lemma U_mult_indicator:
  assumes "A \<in> cyl_inters" and "g \<in> L2 \<mu>S"
  shows "AE x in \<mu>T. U (\<lambda>y. indicator A y * g y) x = indicator A x * U g x"
proof -
  have "AE x in \<mu>T. U (\<lambda>y. indicator (\<Omega> \<inter> \<Inter> (cyl G ` F)) y * g y) x
      = indicator (\<Omega> \<inter> \<Inter> (cyl G ` F)) x * U g x"
    if "finite F" "F \<subseteq> M" "g \<in> L2 \<mu>S" for F g
    using that
  proof (induction F arbitrary: g rule: finite_induct)
    case empty
    have "AE x in \<mu>S. indicator \<Omega> x * g x = g x" by (rule AE_I2) (simp add: S.space_eq)
    with empty have "AE x in \<mu>T. U (\<lambda>y. indicator \<Omega> y * g y) x = U g x"
      by (intro U_AE_cong L2_mult_indicator S.sets_infpaths)
    then show ?case using AE_space by eventually_elim (simp add: T.space_eq)
  next
    case (insert m F)
    let ?A = "\<Omega> \<inter> \<Inter> (cyl G ` F)"
    have A: "?A \<in> sets \<mu>S"
      using insert.hyps(1) insert.prems(1) by (intro S.sets_cyl_inters) (auto simp: cyl_inters_def)
    have "(\<lambda>y. indicator (\<Omega> \<inter> \<Inter> (cyl G ` insert m F)) y * g y)
        = (\<lambda>y. indicator (cyl G m) y * (indicator ?A y * g y))"
      by (auto simp: fun_eq_iff indicator_def)
    moreover have "AE x in \<mu>T. U (\<lambda>y. indicator (cyl G m) y * (indicator ?A y * g y)) x
        = indicator (cyl G m) x * U (\<lambda>y. indicator ?A y * g y) x"
      using insert.prems by (intro U_mult_indicator_cyl L2_mult_indicator[OF _ A]) auto
    moreover have "AE x in \<mu>T. U (\<lambda>y. indicator ?A y * g y) x = indicator ?A x * U g x"
      using insert by auto
    ultimately show ?case by (auto simp: indicator_def elim: AE_mp)
  qed
  then show ?thesis using assms unfolding cyl_inters_def by blast
qed
lemma finite_reduced_pairs:
  assumes "m \<ge> 1" "n \<ge> 1"
  shows "finite (reduced_pairs m n D)"
proof -
  define L where "L = - (\<Sum>j=1..n. \<bar>D (B j)\<bar>)"
  have "L \<le> a" if "(a, b) \<in> reduced_pairs m n D" for a b
  proof (rule ccontr)
    assume "\<not> L \<le> a"
    have "(D (B j) + a) div int m \<le> -1" if "j \<in> {1..n}" for j
    proof -
      have "\<bar>D (B j)\<bar> \<le> (\<Sum>j=1..n. \<bar>D (B j)\<bar>)"
        using that by (intro member_le_sum) auto
      then have "D (B j) + a < 0"
        using \<open>\<not> L \<le> a\<close> by (simp add: L_def)
      then show ?thesis
        using assms div_neg_pos_less0[of "D (B j) + a" "int m"] by linarith
    qed
    then have "max_firings_B m n D a \<le> - int n"
      using sum_mono[of "{1..n}" "\<lambda>j. (D (B j) + a) div int m" "\<lambda>_. -1"]
      by (simp add: max_firings_B_def)
    then show False
      using that by (auto simp: reduced_pairs_def firing_pairs_def)
  qed
  moreover have "a \<le> max_firings_A m n D 0" if "(a, b) \<in> reduced_pairs m n D" for a b
    using that max_firings_A_mono[of b 0 m n D] by (auto simp: reduced_pairs_def firing_pairs_def)
  ultimately have "reduced_pairs m n D \<subseteq> {L..max_firings_A m n D 0} \<times> {1 - int n..0}"
    by (auto simp: reduced_pairs_def)
  then show ?thesis
    by (rule finite_subset) auto
qed

lemma reduced_pairs_mono:
  "m \<ge> 1 \<Longrightarrow> n \<ge> 1 \<Longrightarrow> \<forall>x\<in>verts m n. D' x \<le> D x \<Longrightarrow> reduced_pairs m n D' \<subseteq> reduced_pairs m n D"
  using firing_pairs_mono[of m n D' D] by (auto simp: reduced_pairs_def)

section \<open>The rank counts reduced firing pairs\<close>

definition remove_chip :: "(vert \<Rightarrow> int) \<Rightarrow> vert \<Rightarrow> vert \<Rightarrow> int" where
  "remove_chip D v = D(v := D v - 1)"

........

> [Problem description]:
Copy each line holding "moreover" from the material above.

> [The completed task]:
    moreover have "AE x in \<mu>T. U (\<lambda>y. indicator (cyl G m) y * (indicator ?A y * g y)) x
    moreover have "AE x in \<mu>T. U (\<lambda>y. indicator ?A y * g y) x = indicator ?A x * U g x"
  moreover have "a \<le> max_firings_A m n D 0" if "(a, b) \<in> reduced_pairs m n D" for a b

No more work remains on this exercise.